* SOURCE INFORMATION *
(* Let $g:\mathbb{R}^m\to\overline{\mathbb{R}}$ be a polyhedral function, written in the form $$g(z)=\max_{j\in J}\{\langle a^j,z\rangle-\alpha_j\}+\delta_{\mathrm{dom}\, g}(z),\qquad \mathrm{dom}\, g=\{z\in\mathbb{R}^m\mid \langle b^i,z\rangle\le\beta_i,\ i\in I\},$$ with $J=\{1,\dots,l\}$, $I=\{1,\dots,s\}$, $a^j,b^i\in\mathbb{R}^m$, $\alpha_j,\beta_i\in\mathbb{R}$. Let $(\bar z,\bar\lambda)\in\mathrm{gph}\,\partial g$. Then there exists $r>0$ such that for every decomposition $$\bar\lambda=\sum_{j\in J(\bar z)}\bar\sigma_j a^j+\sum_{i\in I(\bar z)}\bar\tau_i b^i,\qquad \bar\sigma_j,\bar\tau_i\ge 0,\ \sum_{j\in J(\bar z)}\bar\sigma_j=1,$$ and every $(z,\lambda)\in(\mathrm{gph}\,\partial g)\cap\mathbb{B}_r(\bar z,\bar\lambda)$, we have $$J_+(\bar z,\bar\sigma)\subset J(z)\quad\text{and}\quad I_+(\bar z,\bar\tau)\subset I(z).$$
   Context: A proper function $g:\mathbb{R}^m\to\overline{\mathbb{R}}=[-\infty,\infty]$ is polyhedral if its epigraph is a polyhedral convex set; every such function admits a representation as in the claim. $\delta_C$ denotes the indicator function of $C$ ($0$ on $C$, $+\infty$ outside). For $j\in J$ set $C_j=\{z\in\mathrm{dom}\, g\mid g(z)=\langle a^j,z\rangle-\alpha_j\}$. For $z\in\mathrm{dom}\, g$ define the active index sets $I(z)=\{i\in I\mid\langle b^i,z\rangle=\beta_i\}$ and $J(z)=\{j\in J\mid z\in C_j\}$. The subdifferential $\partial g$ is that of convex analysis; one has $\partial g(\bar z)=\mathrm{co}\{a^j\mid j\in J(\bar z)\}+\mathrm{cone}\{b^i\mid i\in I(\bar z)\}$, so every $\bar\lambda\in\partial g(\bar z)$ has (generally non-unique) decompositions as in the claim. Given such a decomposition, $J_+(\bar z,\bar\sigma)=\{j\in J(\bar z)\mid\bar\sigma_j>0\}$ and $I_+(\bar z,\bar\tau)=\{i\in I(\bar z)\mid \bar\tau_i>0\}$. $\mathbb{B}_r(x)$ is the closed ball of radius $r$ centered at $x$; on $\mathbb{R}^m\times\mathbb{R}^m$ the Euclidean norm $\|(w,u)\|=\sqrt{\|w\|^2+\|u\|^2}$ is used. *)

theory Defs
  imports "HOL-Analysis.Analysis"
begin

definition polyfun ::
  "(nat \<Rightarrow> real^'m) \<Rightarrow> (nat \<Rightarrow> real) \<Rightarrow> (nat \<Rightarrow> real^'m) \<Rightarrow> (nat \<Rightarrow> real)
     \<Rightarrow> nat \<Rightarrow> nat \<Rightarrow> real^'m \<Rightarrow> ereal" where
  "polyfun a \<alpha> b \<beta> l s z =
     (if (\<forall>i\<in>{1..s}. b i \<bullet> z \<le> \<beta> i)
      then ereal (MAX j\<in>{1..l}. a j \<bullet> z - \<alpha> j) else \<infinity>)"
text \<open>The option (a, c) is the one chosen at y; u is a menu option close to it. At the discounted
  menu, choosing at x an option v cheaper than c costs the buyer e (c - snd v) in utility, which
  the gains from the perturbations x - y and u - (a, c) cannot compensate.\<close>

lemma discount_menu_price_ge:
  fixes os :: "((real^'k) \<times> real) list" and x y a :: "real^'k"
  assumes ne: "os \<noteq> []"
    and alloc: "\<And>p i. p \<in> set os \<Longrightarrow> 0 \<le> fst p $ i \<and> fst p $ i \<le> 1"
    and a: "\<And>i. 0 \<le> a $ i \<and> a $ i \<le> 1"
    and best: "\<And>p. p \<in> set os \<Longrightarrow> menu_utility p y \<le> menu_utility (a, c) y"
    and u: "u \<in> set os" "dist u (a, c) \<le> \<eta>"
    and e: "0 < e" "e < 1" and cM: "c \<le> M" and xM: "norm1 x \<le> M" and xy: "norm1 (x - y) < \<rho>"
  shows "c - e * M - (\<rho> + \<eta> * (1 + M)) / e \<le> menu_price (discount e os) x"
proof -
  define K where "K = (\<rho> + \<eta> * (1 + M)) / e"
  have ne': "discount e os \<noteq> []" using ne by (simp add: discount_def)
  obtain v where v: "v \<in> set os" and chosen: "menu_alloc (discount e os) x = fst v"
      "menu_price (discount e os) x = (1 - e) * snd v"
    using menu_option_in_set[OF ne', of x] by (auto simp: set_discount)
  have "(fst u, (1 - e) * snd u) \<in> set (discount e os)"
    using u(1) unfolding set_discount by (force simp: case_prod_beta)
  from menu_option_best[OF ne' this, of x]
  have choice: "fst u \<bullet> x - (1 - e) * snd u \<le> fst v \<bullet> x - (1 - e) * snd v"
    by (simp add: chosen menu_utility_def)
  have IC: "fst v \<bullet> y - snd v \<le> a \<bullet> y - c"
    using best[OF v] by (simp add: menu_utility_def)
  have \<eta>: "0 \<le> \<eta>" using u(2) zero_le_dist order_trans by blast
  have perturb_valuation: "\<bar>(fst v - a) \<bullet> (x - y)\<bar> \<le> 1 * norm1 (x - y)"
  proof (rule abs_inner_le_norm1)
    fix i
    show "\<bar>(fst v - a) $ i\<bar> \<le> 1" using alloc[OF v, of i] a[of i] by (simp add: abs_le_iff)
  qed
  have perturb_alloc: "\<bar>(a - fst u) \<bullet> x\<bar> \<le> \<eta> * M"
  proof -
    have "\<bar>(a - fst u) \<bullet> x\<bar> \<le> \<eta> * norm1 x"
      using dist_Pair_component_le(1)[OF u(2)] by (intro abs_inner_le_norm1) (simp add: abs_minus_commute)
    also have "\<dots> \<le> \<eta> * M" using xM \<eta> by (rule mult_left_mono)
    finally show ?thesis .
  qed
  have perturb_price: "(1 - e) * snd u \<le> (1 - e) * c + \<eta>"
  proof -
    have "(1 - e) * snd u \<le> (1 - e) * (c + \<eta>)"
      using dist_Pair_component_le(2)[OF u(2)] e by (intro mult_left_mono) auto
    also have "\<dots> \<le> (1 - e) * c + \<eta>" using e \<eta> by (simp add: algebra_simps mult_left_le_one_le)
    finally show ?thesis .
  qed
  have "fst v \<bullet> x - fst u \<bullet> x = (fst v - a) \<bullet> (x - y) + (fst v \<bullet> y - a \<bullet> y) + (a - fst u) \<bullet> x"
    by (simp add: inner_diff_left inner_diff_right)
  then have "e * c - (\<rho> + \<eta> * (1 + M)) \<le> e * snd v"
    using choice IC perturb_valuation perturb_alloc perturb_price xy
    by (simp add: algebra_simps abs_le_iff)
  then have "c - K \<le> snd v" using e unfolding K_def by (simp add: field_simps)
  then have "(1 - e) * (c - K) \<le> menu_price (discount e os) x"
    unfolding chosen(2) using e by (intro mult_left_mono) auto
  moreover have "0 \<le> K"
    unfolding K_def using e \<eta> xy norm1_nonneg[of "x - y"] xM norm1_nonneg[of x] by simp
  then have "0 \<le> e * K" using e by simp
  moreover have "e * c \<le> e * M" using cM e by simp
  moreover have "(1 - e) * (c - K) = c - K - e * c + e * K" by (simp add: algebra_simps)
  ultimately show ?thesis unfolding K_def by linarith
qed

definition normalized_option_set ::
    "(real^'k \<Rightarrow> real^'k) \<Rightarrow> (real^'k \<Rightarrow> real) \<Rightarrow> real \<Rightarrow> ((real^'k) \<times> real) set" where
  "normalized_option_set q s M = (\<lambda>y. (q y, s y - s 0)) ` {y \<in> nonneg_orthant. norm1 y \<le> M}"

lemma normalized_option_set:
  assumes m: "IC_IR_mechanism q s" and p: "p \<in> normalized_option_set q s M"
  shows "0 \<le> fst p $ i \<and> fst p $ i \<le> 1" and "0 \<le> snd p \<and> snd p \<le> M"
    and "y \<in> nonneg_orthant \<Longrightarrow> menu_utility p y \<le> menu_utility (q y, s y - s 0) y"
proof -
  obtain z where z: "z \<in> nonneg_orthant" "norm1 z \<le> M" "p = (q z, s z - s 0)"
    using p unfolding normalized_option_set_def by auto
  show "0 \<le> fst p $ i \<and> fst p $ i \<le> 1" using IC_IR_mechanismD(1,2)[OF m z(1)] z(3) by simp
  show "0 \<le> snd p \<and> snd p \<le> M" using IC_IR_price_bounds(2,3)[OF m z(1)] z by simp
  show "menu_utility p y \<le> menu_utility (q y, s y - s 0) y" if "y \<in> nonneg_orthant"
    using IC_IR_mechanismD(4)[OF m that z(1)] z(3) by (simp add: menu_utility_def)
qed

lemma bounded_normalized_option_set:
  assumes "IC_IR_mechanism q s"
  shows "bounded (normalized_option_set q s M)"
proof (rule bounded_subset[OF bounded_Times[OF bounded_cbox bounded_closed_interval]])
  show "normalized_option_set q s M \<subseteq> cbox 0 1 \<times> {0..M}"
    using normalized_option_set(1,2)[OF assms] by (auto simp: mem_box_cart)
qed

* EXERCISE BRIEF *
Go through the material and copy each line that contains "auto".

* EXERCISE ANSWER *
    using menu_option_in_set[OF ne', of x] by (auto simp: set_discount)
      using dist_Pair_component_le(2)[OF u(2)] e by (intro mult_left_mono) auto
    unfolding chosen(2) using e by (intro mult_left_mono) auto
    using p unfolding normalized_option_set_def by auto
    using normalized_option_set(1,2)[OF assms] by (auto simp: mem_box_cart)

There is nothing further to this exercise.